I have to be able to look myself in the mirror and be honest about the person I'm looking at. I have to be able to sleep with myself at night.
To go back to church now and "rest in god's forgiveness" would be like tasting the red pill and trying to go back to the blue pill. Like tasting reality and trying to go back to the illusion.
Hold onto your illusion if that's what you need to do, but I'm unwilling to go through the effort it would take to psyche myself out that way.

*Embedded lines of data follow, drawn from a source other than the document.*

text \<open>A primitive of an integrable density is only absolutely continuous, so the change of
  variables below goes through the push-forward of the measure with density \<open>\<rho>\<close>
  rather than through a chain rule.\<close>

lemma distr_density_primitive:
  fixes \<rho> :: "real \<Rightarrow> real"
  assumes [measurable]: "\<rho> \<in> borel_measurable borel"
    and nn: "\<And>t. 0 \<le> \<rho> t" and ri: "\<rho> integrable_on {0..A}" and A: "0 \<le> A"
  defines "\<phi> \<equiv> \<lambda>t. integral {0..t} \<rho>"
  shows "distr (density lborel (\<lambda>t. indicator {0..A} t * \<rho> t)) borel (\<lambda>t. \<phi> (clamp A t))
         = density lborel (indicator {0..\<phi> A})"
proof (rule measure_eqI_lessThan)
  let ?M = "density lborel (\<lambda>t. ennreal (indicator {0..A} t * \<rho> t))"
  let ?p = "\<lambda>t. \<phi> (clamp A t)"
  have [measurable]: "?p \<in> borel_measurable borel"
    unfolding \<phi>_def by (rule borel_measurable_clamp_ext[OF indefinite_integral_continuous_1[OF ri] A])
  fix x
  have [measurable]: "?p -` {x<..} \<in> sets borel"
    using measurable_sets_borel[of ?p borel "{x<..}"] by simp
  have "emeasure (distr ?M borel ?p) {x<..}
      = (\<integral>\<^sup>+ t. ennreal (indicator {0..A} t * \<rho> t) * indicator (?p -` {x<..}) t \<partial>lborel)"
    by (subst emeasure_distr, simp, simp, subst emeasure_density) auto
  also have "\<dots> = (\<integral>\<^sup>+ t. ennreal (indicator {t\<in>{0..A}. x < \<phi> t} t * \<rho> t) \<partial>lborel)"
    by (intro nn_integral_cong) (auto simp: indicator_def clamp_id)
  also have "\<dots> = ennreal (measure lborel ({x<..} \<inter> {0..\<phi> A}))"
    unfolding \<phi>_def by (rule nn_integral_primitive_superlevel_set[OF assms(1) nn ri A])
  finally have distr_eq: "emeasure (distr ?M borel ?p) {x<..} = \<dots>" .
  then show "emeasure (distr ?M borel ?p) {x<..} < \<infinity>" by simp
  have "emeasure (density lborel (indicator {0..\<phi> A})) {x<..} = emeasure lborel ({x<..} \<inter> {0..\<phi> A})"
  proof -
    have "emeasure (density lborel (indicator {0..\<phi> A})) {x<..}
        = (\<integral>\<^sup>+ t. indicator {0..\<phi> A} t * indicator {x<..} t \<partial>lborel)"
      by (subst emeasure_density) auto
    also have "\<dots> = (\<integral>\<^sup>+ t. indicator ({x<..} \<inter> {0..\<phi> A}) t \<partial>lborel)"
      by (intro nn_integral_cong) (simp add: indicator_inter_arith ac_simps)
    finally show ?thesis by (simp only: nn_integral_indicator sets_lborel) simp
  qed
  also have "\<dots> = ennreal (measure lborel ({x<..} \<inter> {0..\<phi> A}))"
  proof (rule emeasure_eq_ennreal_measure)
    have "emeasure lborel ({x<..} \<inter> {0..\<phi> A}) \<le> emeasure lborel {0..\<phi> A}"
      by (rule emeasure_mono) auto
    then show "emeasure lborel ({x<..} \<inter> {0..\<phi> A}) \<noteq> top"
      by (auto simp: top_unique emeasure_lborel_Icc_eq)
  qed
  finally show "emeasure (distr ?M borel ?p) {x<..} = emeasure (density lborel (indicator {0..\<phi> A})) {x<..}"
    using distr_eq by simp
qed simp_all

I wouldn't limit flawed humans to one label or the excuses they make to justify being flawed. Having just finally found place to take my dog, having been wracked with guilt living in fear, and having lived in a dumpster for over a year, I am no fan of judging those with problems. I would only agree that it was me, not a cosmic hero saving me or a ground troll causing me to allow my life to get that bad. I was the one who finally got help and no magical being exists that got me that help.
But there are different motifs for every religion, even Hindus and Buddhists have their superstitions as to why humans do good or bad. Reincarnation and Karma are Asian superstitions that depict in different detail the same "accountability" and "punishment, reward" ideas.
Motifs of making mistakes or doing bad chalked up to magic and divine are not a patent owned by one religion, but exist in every religion because humans really simply don't want to accept that if we want to reduce suffering, or harming others, then we only have each other to look for ways to reduce those things.
Point being, even as atheists, nobody is perfect, we are human beings too, and we hurt others and we make mistakes too. I would say that all religions take our species behaviors and turn them into comic book explanations. There is nothing invisible out there helping humans, all we have are each other.